Stored items
□ □ □

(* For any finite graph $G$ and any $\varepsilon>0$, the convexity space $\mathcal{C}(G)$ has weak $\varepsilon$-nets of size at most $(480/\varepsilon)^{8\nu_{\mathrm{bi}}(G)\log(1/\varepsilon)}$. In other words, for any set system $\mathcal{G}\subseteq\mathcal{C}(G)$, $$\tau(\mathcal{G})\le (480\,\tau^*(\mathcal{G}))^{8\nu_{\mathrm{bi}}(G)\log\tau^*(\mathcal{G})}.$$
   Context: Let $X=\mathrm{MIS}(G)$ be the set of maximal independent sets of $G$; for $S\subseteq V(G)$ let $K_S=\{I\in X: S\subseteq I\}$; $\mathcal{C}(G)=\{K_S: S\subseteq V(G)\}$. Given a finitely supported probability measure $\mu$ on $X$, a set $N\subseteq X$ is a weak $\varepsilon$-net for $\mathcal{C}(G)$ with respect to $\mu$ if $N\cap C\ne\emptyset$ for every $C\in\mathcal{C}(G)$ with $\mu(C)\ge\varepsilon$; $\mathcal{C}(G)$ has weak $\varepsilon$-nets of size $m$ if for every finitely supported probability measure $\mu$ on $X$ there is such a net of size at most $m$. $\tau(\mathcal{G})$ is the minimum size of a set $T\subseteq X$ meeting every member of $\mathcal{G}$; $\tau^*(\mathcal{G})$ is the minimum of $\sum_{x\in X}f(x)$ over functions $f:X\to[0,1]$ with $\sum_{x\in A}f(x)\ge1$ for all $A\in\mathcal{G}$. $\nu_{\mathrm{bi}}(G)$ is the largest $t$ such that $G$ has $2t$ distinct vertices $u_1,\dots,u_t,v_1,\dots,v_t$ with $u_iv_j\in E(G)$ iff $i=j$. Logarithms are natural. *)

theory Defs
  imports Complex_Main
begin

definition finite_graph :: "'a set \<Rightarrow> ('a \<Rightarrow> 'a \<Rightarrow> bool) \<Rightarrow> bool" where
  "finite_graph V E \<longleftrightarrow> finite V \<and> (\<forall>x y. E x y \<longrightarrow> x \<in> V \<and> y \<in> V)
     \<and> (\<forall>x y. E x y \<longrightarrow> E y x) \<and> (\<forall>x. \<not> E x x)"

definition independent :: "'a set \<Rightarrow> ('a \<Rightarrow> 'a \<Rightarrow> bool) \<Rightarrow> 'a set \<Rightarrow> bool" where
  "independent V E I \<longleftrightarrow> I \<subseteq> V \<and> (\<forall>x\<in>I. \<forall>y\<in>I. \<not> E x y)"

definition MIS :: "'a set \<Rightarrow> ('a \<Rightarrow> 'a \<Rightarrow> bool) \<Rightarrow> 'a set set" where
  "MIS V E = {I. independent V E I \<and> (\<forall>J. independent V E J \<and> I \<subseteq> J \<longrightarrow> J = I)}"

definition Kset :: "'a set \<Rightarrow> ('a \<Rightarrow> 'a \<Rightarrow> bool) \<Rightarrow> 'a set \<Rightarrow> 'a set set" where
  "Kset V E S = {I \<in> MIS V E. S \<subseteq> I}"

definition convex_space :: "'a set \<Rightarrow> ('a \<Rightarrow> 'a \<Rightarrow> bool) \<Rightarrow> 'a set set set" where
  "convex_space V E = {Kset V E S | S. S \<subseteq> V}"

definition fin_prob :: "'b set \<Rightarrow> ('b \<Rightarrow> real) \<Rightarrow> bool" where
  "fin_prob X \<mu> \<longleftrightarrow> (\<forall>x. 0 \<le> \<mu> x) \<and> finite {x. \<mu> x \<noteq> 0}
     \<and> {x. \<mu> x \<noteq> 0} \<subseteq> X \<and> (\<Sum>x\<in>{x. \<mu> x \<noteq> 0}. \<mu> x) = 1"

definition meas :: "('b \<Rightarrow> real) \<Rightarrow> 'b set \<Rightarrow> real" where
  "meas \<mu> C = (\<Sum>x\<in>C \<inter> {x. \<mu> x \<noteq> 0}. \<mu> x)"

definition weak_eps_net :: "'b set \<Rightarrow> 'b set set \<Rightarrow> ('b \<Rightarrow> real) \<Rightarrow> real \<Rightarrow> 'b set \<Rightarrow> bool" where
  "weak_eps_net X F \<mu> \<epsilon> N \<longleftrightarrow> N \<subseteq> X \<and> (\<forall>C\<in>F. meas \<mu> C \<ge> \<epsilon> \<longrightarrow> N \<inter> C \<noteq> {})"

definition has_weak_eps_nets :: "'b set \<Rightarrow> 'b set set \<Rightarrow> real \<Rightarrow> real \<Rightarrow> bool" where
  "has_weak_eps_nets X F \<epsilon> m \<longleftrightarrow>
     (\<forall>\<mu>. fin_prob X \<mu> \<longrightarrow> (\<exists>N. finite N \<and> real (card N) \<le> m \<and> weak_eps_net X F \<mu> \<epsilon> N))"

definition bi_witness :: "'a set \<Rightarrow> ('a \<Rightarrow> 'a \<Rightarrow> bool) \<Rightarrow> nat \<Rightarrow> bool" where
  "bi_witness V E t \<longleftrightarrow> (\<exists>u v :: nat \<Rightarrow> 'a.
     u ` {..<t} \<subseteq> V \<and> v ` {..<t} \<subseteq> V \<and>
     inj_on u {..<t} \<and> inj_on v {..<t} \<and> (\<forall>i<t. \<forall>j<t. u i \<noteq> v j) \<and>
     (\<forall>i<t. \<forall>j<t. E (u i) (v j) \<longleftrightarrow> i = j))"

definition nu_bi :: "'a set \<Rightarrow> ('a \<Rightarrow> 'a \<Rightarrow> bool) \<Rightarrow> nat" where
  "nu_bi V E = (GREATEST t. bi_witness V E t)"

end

□ □ □

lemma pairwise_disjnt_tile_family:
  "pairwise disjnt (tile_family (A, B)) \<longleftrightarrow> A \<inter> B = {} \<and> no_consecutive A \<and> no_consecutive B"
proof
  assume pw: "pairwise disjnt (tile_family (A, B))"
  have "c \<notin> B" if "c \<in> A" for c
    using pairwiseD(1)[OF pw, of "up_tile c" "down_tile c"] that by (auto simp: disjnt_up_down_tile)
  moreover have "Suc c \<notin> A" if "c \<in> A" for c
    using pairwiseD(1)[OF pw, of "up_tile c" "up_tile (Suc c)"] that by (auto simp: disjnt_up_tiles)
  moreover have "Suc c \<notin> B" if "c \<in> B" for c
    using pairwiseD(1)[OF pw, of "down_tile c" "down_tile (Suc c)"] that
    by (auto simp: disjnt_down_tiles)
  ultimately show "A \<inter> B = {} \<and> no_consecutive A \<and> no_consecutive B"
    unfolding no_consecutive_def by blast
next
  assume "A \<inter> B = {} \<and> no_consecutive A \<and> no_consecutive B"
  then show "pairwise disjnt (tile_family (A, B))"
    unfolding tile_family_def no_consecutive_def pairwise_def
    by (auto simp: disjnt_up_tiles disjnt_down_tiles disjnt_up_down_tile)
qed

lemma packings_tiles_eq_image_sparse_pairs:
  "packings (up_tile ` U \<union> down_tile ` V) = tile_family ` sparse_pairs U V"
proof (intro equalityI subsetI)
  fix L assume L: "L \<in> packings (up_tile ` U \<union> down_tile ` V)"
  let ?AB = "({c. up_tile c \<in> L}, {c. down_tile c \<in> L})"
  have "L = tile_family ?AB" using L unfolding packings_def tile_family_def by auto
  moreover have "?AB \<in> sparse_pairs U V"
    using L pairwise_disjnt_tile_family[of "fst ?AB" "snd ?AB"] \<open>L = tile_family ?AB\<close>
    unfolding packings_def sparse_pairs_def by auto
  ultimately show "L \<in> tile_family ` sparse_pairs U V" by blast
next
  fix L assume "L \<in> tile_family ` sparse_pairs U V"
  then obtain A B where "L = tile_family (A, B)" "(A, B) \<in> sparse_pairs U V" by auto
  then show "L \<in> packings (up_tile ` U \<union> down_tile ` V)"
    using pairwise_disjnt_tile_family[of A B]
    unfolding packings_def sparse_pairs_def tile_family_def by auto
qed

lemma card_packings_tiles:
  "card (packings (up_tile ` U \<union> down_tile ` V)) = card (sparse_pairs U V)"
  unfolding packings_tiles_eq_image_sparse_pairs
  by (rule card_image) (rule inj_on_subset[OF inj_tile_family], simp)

□ □ □

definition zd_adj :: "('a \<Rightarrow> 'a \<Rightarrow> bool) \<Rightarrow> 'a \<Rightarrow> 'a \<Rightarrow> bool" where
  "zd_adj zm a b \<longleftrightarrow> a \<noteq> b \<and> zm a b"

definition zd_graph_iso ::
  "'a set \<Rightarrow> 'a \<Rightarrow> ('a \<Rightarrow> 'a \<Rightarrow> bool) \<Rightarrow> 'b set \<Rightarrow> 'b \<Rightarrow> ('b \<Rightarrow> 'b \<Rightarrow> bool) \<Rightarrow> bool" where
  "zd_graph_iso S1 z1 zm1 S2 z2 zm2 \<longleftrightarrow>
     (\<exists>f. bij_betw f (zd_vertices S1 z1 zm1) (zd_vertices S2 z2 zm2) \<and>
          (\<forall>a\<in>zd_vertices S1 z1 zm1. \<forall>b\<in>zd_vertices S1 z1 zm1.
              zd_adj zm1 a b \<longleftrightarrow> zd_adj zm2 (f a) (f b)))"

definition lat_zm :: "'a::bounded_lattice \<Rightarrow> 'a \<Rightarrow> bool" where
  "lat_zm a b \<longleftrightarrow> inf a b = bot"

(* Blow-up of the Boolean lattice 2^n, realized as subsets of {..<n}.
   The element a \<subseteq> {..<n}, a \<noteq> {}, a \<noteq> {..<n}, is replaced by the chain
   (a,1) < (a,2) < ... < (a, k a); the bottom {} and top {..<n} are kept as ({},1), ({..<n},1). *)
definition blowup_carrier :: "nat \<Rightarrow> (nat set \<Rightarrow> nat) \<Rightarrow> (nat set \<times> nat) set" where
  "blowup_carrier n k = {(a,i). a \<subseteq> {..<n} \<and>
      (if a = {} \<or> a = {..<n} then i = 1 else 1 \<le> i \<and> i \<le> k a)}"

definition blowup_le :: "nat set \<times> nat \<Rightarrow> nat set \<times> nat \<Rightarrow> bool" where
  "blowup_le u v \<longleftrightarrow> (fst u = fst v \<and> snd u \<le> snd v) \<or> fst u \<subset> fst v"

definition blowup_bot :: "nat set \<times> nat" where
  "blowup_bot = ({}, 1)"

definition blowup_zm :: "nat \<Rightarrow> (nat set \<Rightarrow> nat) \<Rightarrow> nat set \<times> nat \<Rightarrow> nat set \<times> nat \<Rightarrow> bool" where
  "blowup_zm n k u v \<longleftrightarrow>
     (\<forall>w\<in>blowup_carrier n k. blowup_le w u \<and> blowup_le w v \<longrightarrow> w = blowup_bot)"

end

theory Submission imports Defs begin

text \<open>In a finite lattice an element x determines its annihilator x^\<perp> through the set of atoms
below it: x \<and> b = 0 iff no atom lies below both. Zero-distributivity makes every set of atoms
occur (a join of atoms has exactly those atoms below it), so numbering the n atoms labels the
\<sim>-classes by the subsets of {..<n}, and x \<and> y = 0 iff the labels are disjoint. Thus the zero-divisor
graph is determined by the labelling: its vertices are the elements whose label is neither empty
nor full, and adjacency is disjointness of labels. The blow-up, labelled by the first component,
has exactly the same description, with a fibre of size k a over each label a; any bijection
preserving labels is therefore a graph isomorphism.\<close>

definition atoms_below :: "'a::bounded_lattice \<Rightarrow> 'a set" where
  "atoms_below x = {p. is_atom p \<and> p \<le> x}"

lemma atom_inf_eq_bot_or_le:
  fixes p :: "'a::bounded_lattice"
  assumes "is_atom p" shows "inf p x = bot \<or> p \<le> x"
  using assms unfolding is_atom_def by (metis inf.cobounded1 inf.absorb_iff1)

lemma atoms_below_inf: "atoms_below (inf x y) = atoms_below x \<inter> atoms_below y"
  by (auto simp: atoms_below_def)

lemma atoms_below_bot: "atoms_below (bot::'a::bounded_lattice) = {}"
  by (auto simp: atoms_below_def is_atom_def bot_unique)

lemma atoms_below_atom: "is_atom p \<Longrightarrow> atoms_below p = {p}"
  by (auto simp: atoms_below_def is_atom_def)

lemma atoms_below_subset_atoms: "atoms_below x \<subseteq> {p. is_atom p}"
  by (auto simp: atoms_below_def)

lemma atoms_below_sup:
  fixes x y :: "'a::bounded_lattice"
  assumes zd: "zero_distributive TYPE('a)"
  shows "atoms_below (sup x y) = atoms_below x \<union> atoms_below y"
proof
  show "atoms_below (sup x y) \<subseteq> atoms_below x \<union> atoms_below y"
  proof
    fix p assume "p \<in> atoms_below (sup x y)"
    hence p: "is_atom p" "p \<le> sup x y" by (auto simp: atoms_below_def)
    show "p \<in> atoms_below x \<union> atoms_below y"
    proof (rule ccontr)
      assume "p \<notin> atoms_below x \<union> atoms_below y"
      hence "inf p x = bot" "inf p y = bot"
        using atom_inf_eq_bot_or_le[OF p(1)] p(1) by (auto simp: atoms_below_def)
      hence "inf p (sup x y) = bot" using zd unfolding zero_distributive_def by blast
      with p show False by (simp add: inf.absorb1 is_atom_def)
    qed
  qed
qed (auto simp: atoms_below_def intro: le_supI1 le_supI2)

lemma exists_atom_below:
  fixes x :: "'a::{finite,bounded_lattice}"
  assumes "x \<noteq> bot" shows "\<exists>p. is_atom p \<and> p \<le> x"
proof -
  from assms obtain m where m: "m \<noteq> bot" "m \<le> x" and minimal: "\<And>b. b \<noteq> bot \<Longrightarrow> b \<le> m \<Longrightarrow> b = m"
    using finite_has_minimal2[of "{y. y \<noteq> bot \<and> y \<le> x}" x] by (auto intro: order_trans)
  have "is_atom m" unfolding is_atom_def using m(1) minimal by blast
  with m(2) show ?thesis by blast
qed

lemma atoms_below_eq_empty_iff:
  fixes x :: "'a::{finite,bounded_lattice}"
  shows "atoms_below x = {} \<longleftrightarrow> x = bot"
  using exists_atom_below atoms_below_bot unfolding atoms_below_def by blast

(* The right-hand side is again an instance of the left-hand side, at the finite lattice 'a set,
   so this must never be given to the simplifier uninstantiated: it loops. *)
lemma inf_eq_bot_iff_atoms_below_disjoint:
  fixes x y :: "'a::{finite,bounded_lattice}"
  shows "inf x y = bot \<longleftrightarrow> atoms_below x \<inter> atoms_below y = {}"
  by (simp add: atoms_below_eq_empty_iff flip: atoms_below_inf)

□ □ □

— ACTIVITY —
Find the string "ultimately" in the entries above and return each line that holds it.

— COMPLETED TASK —
  ultimately show "A \<inter> B = {} \<and> no_consecutive A \<and> no_consecutive B"
  ultimately show "L \<in> tile_family ` sparse_pairs U V" by blast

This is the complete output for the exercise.